Arcadia or Autumn Symphony

, circa 1910s

Oil on canvas, 24 by 27 inches


Krafft’s Arcadia or Autumn Symphony seems calculated to show off a variety of forms and tints in a stand of trees bathed in the benign light of an Indian summer afternoon. The stronger color of the low vegetation in the shadowed foreground sets off the hazy glow of the sunstruck trees beyond. Between them, an area of glowing turquoise at the lower right perhaps indicates a rushing stream illuminated by direct sunlight. The composition’s layering of near and distant elements is characteristic of the decorative landscape paintings of Krafft and other members of the so-called Society of Ozark Painters in the 1910s and early 1920s.

A label affixed to the back of the painting gives two titles, Arcadia and Autumn Symphony. The former links the pristine beauty of this scene with the ideal landscape of classical poetry. Krafft favored such evocative titles for his romantic early landscapes, but here Arcadia also refers to an actual place, the Arcadia Valley in the Ozark Mountains region of Missouri, where the artist had a studio in the village of Knob Creek. Between 1913 and 1920 Krafft was closely identified with the scenery of the Ozarks, where he found a perfect place to realize a sublime natural beauty on canvas. He wrote ecstatically of its “langorous [sic] blue haze like a translucent veil of finest silver”; as if speaking of this particular painting he added: “The sunbeams strike through this veil, touching the scarlets of maple and sumac, the gold of hickory and elm and the shades of brown of the oaks till all the hills glow as if a thousand rainbows had been shattered and sown broadcast by a giant hand.”i The relatively undramatic scenery presented here seems less a focus of interest in itself than a vehicle for such atmospheric effects.

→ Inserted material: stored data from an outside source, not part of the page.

(* Let $d\ge1$ be an integer and let $G$ be a triangle-free graph on $n$ vertices with maximum degree $d$. Then for all $\lambda>0$, writing $w=W(d\log(1+\lambda))$, \[ P_G(\lambda) \;\ge\; \exp\!\left(\left[w^2+2w\right]\frac{n}{2d}\right). \] In particular (taking $\lambda=1$), for every $\varepsilon>0$ there is $d_0$ such that if $d\ge d_0$ then $G$ has at least $\exp\!\left[\left(\frac12-\varepsilon\right)\frac{\log^2 d}{d}n\right]$ independent sets.
   Context: For a graph $G$, $P_G(\lambda)=\sum_{J}\lambda^{|J|}$, the sum over all independent sets $J$ of $G$ (including the empty set), is the hard-core partition function (independence polynomial). For $z>0$, $W(z)$ denotes the unique positive real with $W(z)e^{W(z)}=z$. Logarithms are natural. *)

theory Defs
  imports Complex_Main
begin

definition simple_graph :: "'a set \<Rightarrow> ('a \<Rightarrow> 'a \<Rightarrow> bool) \<Rightarrow> bool" where
  "simple_graph V E \<longleftrightarrow> finite V \<and> (\<forall>u v. E u v \<longrightarrow> E v u)
     \<and> (\<forall>v. \<not> E v v) \<and> (\<forall>u v. E u v \<longrightarrow> u \<in> V \<and> v \<in> V)"

definition degree :: "'a set \<Rightarrow> ('a \<Rightarrow> 'a \<Rightarrow> bool) \<Rightarrow> 'a \<Rightarrow> nat" where
  "degree V E v = card {u \<in> V. E v u}"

Krafft’s reuse of titles and reluctance to date his canvases complicate the dating of this painting. He exhibited a work entitled Arcadia in the Art Institute of Chicago’s 1918 annual exhibition for American art; a painting called Autumn Symphony was shown the following year in the museum’s “Chicago and Vicinity” show and again in Krafft’s solo exhibition at the Art Institute in 1920. A reviewer of the 1918 show described Arcadia as “exceptional as a painting of the happy valley of Missouri in decorative arrangement and color.”ii The present painting may be any one or all of these exhibited works, but it could also date to the following decade, for a closely related painting entitled Autumn Symphony is reproduced in Krafft’s daughter’s 1941 biography as a work of 1924. By that date, however, Krafft is thought to have abandoned the Ozarks for other painting locales, among them Galena and Willow Springs, Illinois.

Wendy Greenhouse, PhD

Donated by M. Christine Schwartz to the Oak Park River Forest History Museum, Oak Park, Illinois, in 2021

i  Krafft quoted in Lena McCauley, “A Painter Poet of the Ozarks,”  Fine Arts Journal 34 (Oct. 1916): 470.
ii  Lena M. McCauley, “Artists of the West Growing in Numbers,” Chicago Evening Post, Nov. 26, 1918.